Exercise instructions: Look for "True" in each line of the records, and copy the lines that have it.

Data provided:
**********
lemma sum_gaps_lower:
  fixes a lam t :: "nat \<Rightarrow> real"
  assumes a: "\<forall>i j. i \<le> j \<longrightarrow> j < K \<longrightarrow> a j \<le> a i"
    and lam: "\<forall>i j. i \<le> j \<longrightarrow> j < K \<longrightarrow> lam j \<le> lam i"
    and t: "\<forall>j. Suc j < K \<longrightarrow> a (Suc j) * (lam j - lam (Suc j)) + m \<le> t j"
    and ik: "i \<le> k" "k < K"
  shows "a k * (lam i - lam k) + real (k - i) * m \<le> (\<Sum>j\<in>{i..<k}. t j)"
proof -
  have "(\<Sum>j\<in>{i..<k}. a k * (lam j - lam (Suc j)) + m) \<le> (\<Sum>j\<in>{i..<k}. t j)"
  proof (rule sum_mono)
    fix j assume "j \<in> {i..<k}"
    then have j: "Suc j \<le> k"
      by simp
    then have "a k * (lam j - lam (Suc j)) \<le> a (Suc j) * (lam j - lam (Suc j))"
      using a lam ik by (intro mult_right_mono) auto
    moreover have "a (Suc j) * (lam j - lam (Suc j)) + m \<le> t j"
      using t j ik by simp
    ultimately show "a k * (lam j - lam (Suc j)) + m \<le> t j"
      by linarith
  qed
  moreover have "(\<Sum>j\<in>{i..<k}. a k * (lam j - lam (Suc j)) + m) = a k * (lam i - lam k) + real (k - i) * m"
    using ik by (simp only: sum.distrib sum_distrib_left[symmetric] sum_atLeastLessThan_telescope) simp
  ultimately show ?thesis
    by simp
qed

lemma sum_gaps_upper:
  fixes a lam t :: "nat \<Rightarrow> real"
  assumes a: "\<forall>i j. i \<le> j \<longrightarrow> j < K \<longrightarrow> a j \<le> a i"
    and lam: "\<forall>i j. i \<le> j \<longrightarrow> j < K \<longrightarrow> lam j \<le> lam i"
    and t: "\<forall>j. Suc j < K \<longrightarrow> t j \<le> a j * (lam j - lam (Suc j)) - m"
    and ki: "k \<le> i" "i < K"
  shows "(\<Sum>j\<in>{k..<i}. t j) \<le> a k * (lam k - lam i) - real (i - k) * m"
proof -
  have "(\<Sum>j\<in>{k..<i}. t j) \<le> (\<Sum>j\<in>{k..<i}. a k * (lam j - lam (Suc j)) - m)"
  proof (rule sum_mono)
    fix j assume "j \<in> {k..<i}"
    then have j: "k \<le> j" "Suc j < K"
      using ki by auto
    then have "a j * (lam j - lam (Suc j)) \<le> a k * (lam j - lam (Suc j))"
      using a lam by (intro mult_right_mono) auto
    moreover have "t j \<le> a j * (lam j - lam (Suc j)) - m"
      using t j by simp
    ultimately show "t j \<le> a k * (lam j - lam (Suc j)) - m"
      by linarith
  qed
  moreover have "(\<Sum>j\<in>{k..<i}. a k * (lam j - lam (Suc j)) - m) = a k * (lam k - lam i) - real (i - k) * m"
    using ki
    by (simp only: sum_subtractf[of "\<lambda>j. a k * (lam j - lam (Suc j))" "\<lambda>_. m"]
        sum_distrib_left[symmetric] sum_atLeastLessThan_telescope) simp
  ultimately show ?thesis
    by simp
qed

lemma sum_atLeastLessThan_diff_tail:
  fixes t :: "nat \<Rightarrow> real"
  assumes "i \<le> k" "k \<le> n"
  shows "(\<Sum>j\<in>{i..<n}. t j) - (\<Sum>j\<in>{k..<n}. t j) = (\<Sum>j\<in>{i..<k}. t j)"
proof -
  have "(\<Sum>j\<in>{i..<n}. t j) = (\<Sum>j\<in>{i..<k}. t j) + (\<Sum>j\<in>{k..<n}. t j)"
    using assms by (intro sum.atLeastLessThan_concat[symmetric]) auto
  then show ?thesis
    by simp
qed

lemma gap_potential_dominates:
  fixes a lam t :: "nat \<Rightarrow> real"
  assumes a: "\<forall>i j. i \<le> j \<longrightarrow> j < K \<longrightarrow> a j \<le> a i"
    and lam: "\<forall>i j. i \<le> j \<longrightarrow> j < K \<longrightarrow> lam j \<le> lam i" and m_nonneg: "0 \<le> m"
    and t_lower: "\<forall>j. Suc j < K \<longrightarrow> a (Suc j) * (lam j - lam (Suc j)) + m \<le> t j"
    and t_upper: "\<forall>j. Suc j < K \<longrightarrow> t j \<le> a j * (lam j - lam (Suc j)) - m"
    and ik: "i < K" "k < K" "i \<noteq> k"
  shows "a k * lam i \<le> (\<Sum>j\<in>{i..<K - 1}. t j) + (a k * lam k - m - (\<Sum>j\<in>{k..<K - 1}. t j))"
proof (cases "i < k")
  case True
  have "a k * (lam i - lam k) + real (k - i) * m \<le> (\<Sum>j\<in>{i..<k}. t j)"
    using sum_gaps_lower[OF a lam t_lower, of i k] True ik by simp
  moreover have "m \<le> real (k - i) * m"
    using True m_nonneg by (simp add: mult_le_cancel_right1)
  ultimately show ?thesis
    using sum_atLeastLessThan_diff_tail[of i k "K - 1" t] True ik by (simp add: algebra_simps)
next
  case False
  then have ki: "k < i"
    using ik by simp
  have "(\<Sum>j\<in>{k..<i}. t j) \<le> a k * (lam k - lam i) - real (i - k) * m"
    using sum_gaps_upper[OF a lam t_upper, of k i] ki ik by simp
  moreover have "m \<le> real (i - k) * m"
    using ki m_nonneg by (simp add: mult_le_cancel_right1)
  ultimately show ?thesis
    using sum_atLeastLessThan_diff_tail[of k i "K - 1" t] ki ik by (simp add: algebra_simps)
qed

text \<open>A feasible point of the dual of the linear program maximising
  \<open>\<Sum>i k. (a k * lam i - (if i = k then m else 0)) * P i k\<close> over doubly substochastic \<open>P\<close>,
  whose value is attained at \<open>P = 1\<close>. The potential \<open>u\<close> sums the midpoints \<open>t j\<close> between
  \<open>a (j + 1) * (lam j - lam (j + 1))\<close> and \<open>a j * (lam j - lam (j + 1))\<close>, which the gap
  condition keeps at distance \<open>m\<close> from both.\<close>
lemma spectral_gap_dual_certificate:
  fixes a lam :: "nat \<Rightarrow> real" and m :: real
  assumes a: "\<forall>i j. i \<le> j \<longrightarrow> j < K \<longrightarrow> a j \<le> a i" and a_nonneg: "\<forall>i<K. 0 \<le> a i"
    and lam: "\<forall>i j. i \<le> j \<longrightarrow> j < K \<longrightarrow> lam j \<le> lam i" and lam_nonneg: "\<forall>i<K. 0 \<le> lam i"
    and m_nonneg: "0 \<le> m" and m_last: "m \<le> a (K - 1) * lam (K - 1)"
    and m_gap: "\<forall>j. Suc j < K \<longrightarrow> 2 * m \<le> (a j - a (Suc j)) * (lam j - lam (Suc j))"
  obtains u w :: "nat \<Rightarrow> real"
  where "\<forall>i<K. 0 \<le> u i" "\<forall>k<K. 0 \<le> w k"
    and "\<forall>i<K. \<forall>k<K. a k * lam i - (if i = k then m else 0) \<le> u i + w k"
    and "(\<Sum>i<K. u i) + (\<Sum>k<K. w k) = (\<Sum>k<K. a k * lam k - m)"
proof
  define t where "t j = (a j + a (Suc j)) * (lam j - lam (Suc j)) / 2" for j
  define u where "u i = (\<Sum>j\<in>{i..<K - 1}. t j)" for i
  define w where "w k = a k * lam k - m - u k" for k
  have t_mid: "t j = a (Suc j) * (lam j - lam (Suc j)) + (a j - a (Suc j)) * (lam j - lam (Suc j)) / 2"
    "t j = a j * (lam j - lam (Suc j)) - (a j - a (Suc j)) * (lam j - lam (Suc j)) / 2" for j
    unfolding t_def by (simp_all add: field_simps)
  have t_lower: "\<forall>j. Suc j < K \<longrightarrow> a (Suc j) * (lam j - lam (Suc j)) + m \<le> t j"
    using m_gap by (auto simp: t_mid(1))
  have t_upper: "\<forall>j. Suc j < K \<longrightarrow> t j \<le> a j * (lam j - lam (Suc j)) - m"
    using m_gap by (auto simp: t_mid(2))
  have "0 \<le> t j" if "Suc j < K" for j
    unfolding t_def using a_nonneg lam that by (intro divide_nonneg_pos mult_nonneg_nonneg) auto
  then show "\<forall>i<K. 0 \<le> u i"
    unfolding u_def by (auto intro!: sum_nonneg)
  show "\<forall>k<K. 0 \<le> w k"
  proof (intro allI impI)
    fix k assume k: "k < K"
    have "u k \<le> a k * (lam k - lam (K - 1)) - real (K - 1 - k) * m"
      using sum_gaps_upper[OF a lam t_upper, of k "K - 1"] k by (simp add: u_def)
    moreover have "0 \<le> real (K - 1 - k) * m"
      using m_nonneg by simp
    moreover have "a (K - 1) * lam (K - 1) \<le> a k * lam (K - 1)"
      using a lam_nonneg k by (intro mult_right_mono) auto
    ultimately show "0 \<le> w k"
      using m_last unfolding w_def by (simp add: algebra_simps)
  qed
  show "\<forall>i<K. \<forall>k<K. a k * lam i - (if i = k then m else 0) \<le> u i + w k"
    using gap_potential_dominates[OF a lam m_nonneg t_lower t_upper] by (auto simp: u_def w_def)
  show "(\<Sum>i<K. u i) + (\<Sum>k<K. w k) = (\<Sum>k<K. a k * lam k - m)"
    unfolding w_def by (simp add: sum_subtractf)
qed

lemma doubly_substochastic_sum_le:
  fixes P C :: "nat \<Rightarrow> nat \<Rightarrow> real" and u w :: "nat \<Rightarrow> real"
  assumes P_nonneg: "\<forall>i<K. \<forall>k<K. 0 \<le> P i k"
    and rows: "\<forall>i<K. (\<Sum>k<K. P i k) \<le> 1" and cols: "\<forall>k<K. (\<Sum>i<K. P i k) \<le> 1"
    and u: "\<forall>i<K. 0 \<le> u i" and w: "\<forall>k<K. 0 \<le> w k"
    and C: "\<forall>i<K. \<forall>k<K. C i k \<le> u i + w k"
  shows "(\<Sum>k<K. \<Sum>i<K. C i k * P i k) \<le> (\<Sum>i<K. u i) + (\<Sum>k<K. w k)"
proof -
  have swap: "(\<Sum>k<K. \<Sum>i<K. u i * P i k) = (\<Sum>i<K. u i * (\<Sum>k<K. P i k))"
    by (simp add: sum_distrib_left sum.swap[of "\<lambda>k i. u i * P i k"])
  have "(\<Sum>k<K. \<Sum>i<K. C i k * P i k) \<le> (\<Sum>k<K. \<Sum>i<K. (u i + w k) * P i k)"
    using C P_nonneg by (intro sum_mono mult_right_mono) auto
  also have "\<dots> = (\<Sum>i<K. u i * (\<Sum>k<K. P i k)) + (\<Sum>k<K. w k * (\<Sum>i<K. P i k))"
    unfolding distrib_right sum.distrib swap by (simp add: sum_distrib_left)
  also have "\<dots> \<le> (\<Sum>i<K. u i) + (\<Sum>k<K. w k)"
    using rows cols u w by (intro add_mono sum_mono mult_left_le) auto
  finally show ?thesis .
qed

lemma doubly_substochastic_spectral_gap:
  fixes a lam :: "nat \<Rightarrow> real" and P :: "nat \<Rightarrow> nat \<Rightarrow> real" and m :: real
  assumes a: "\<forall>i j. i \<le> j \<longrightarrow> j < K \<longrightarrow> a j \<le> a i" and a_nonneg: "\<forall>i<K. 0 \<le> a i"
    and lam: "\<forall>i j. i \<le> j \<longrightarrow> j < K \<longrightarrow> lam j \<le> lam i" and lam_nonneg: "\<forall>i<K. 0 \<le> lam i"
    and m_nonneg: "0 \<le> m" and m_last: "m \<le> a (K - 1) * lam (K - 1)"
    and m_gap: "\<forall>j. Suc j < K \<longrightarrow> 2 * m \<le> (a j - a (Suc j)) * (lam j - lam (Suc j))"
    and P_nonneg: "\<forall>i<K. \<forall>k<K. 0 \<le> P i k"
    and rows: "\<forall>i<K. (\<Sum>k<K. P i k) \<le> 1" and cols: "\<forall>k<K. (\<Sum>i<K. P i k) \<le> 1"
  shows "(\<Sum>k<K. a k * (\<Sum>i<K. lam i * P i k)) + m * (\<Sum>k<K. 1 - P k k) \<le> (\<Sum>k<K. a k * lam k)"
proof -
  obtain u w where u: "\<forall>i<K. 0 \<le> u i" and w: "\<forall>k<K. 0 \<le> w k"
    and C: "\<forall>i<K. \<forall>k<K. a k * lam i - (if i = k then m else 0) \<le> u i + w k"
    and cert_value: "(\<Sum>i<K. u i) + (\<Sum>k<K. w k) = (\<Sum>k<K. a k * lam k - m)"
    using spectral_gap_dual_certificate[OF a a_nonneg lam lam_nonneg m_nonneg m_last m_gap] .
  have diag: "(\<Sum>i<K. (if i = k then m else 0) * P i k) = m * P k k" if "k < K" for k
    using that by (simp add: if_distrib[of "\<lambda>x. x * P _ k"] cong: if_cong)
  have "(\<Sum>k<K. \<Sum>i<K. (a k * lam i - (if i = k then m else 0)) * P i k)
      = (\<Sum>k<K. a k * (\<Sum>i<K. lam i * P i k)) - m * (\<Sum>k<K. P k k)"
    by (simp add: left_diff_distrib sum_subtractf diag sum_distrib_left mult.assoc)
  moreover have "(\<Sum>k<K. \<Sum>i<K. (a k * lam i - (if i = k then m else 0)) * P i k)
      \<le> (\<Sum>k<K. a k * lam k - m)"
    using doubly_substochastic_sum_le[OF P_nonneg rows cols u w C] cert_value by simp
  ultimately show ?thesis
    by (simp add: sum_subtractf algebra_simps)
qed

lemma Theta_sq: "\<forall>i<K. 0 \<le> lam i \<Longrightarrow> Theta K lam * Theta K lam = mat_diag K lam"
  unfolding Theta_def mat_diag_diag by (rule eq_matI) (auto simp: mat_diag_def)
**********
Written reply:
  case True
    using sum_gaps_lower[OF a lam t_lower, of i k] True ik by simp
    using True m_nonneg by (simp add: mult_le_cancel_right1)
    using sum_atLeastLessThan_diff_tail[of i k "K - 1" t] True ik by (simp add: algebra_simps)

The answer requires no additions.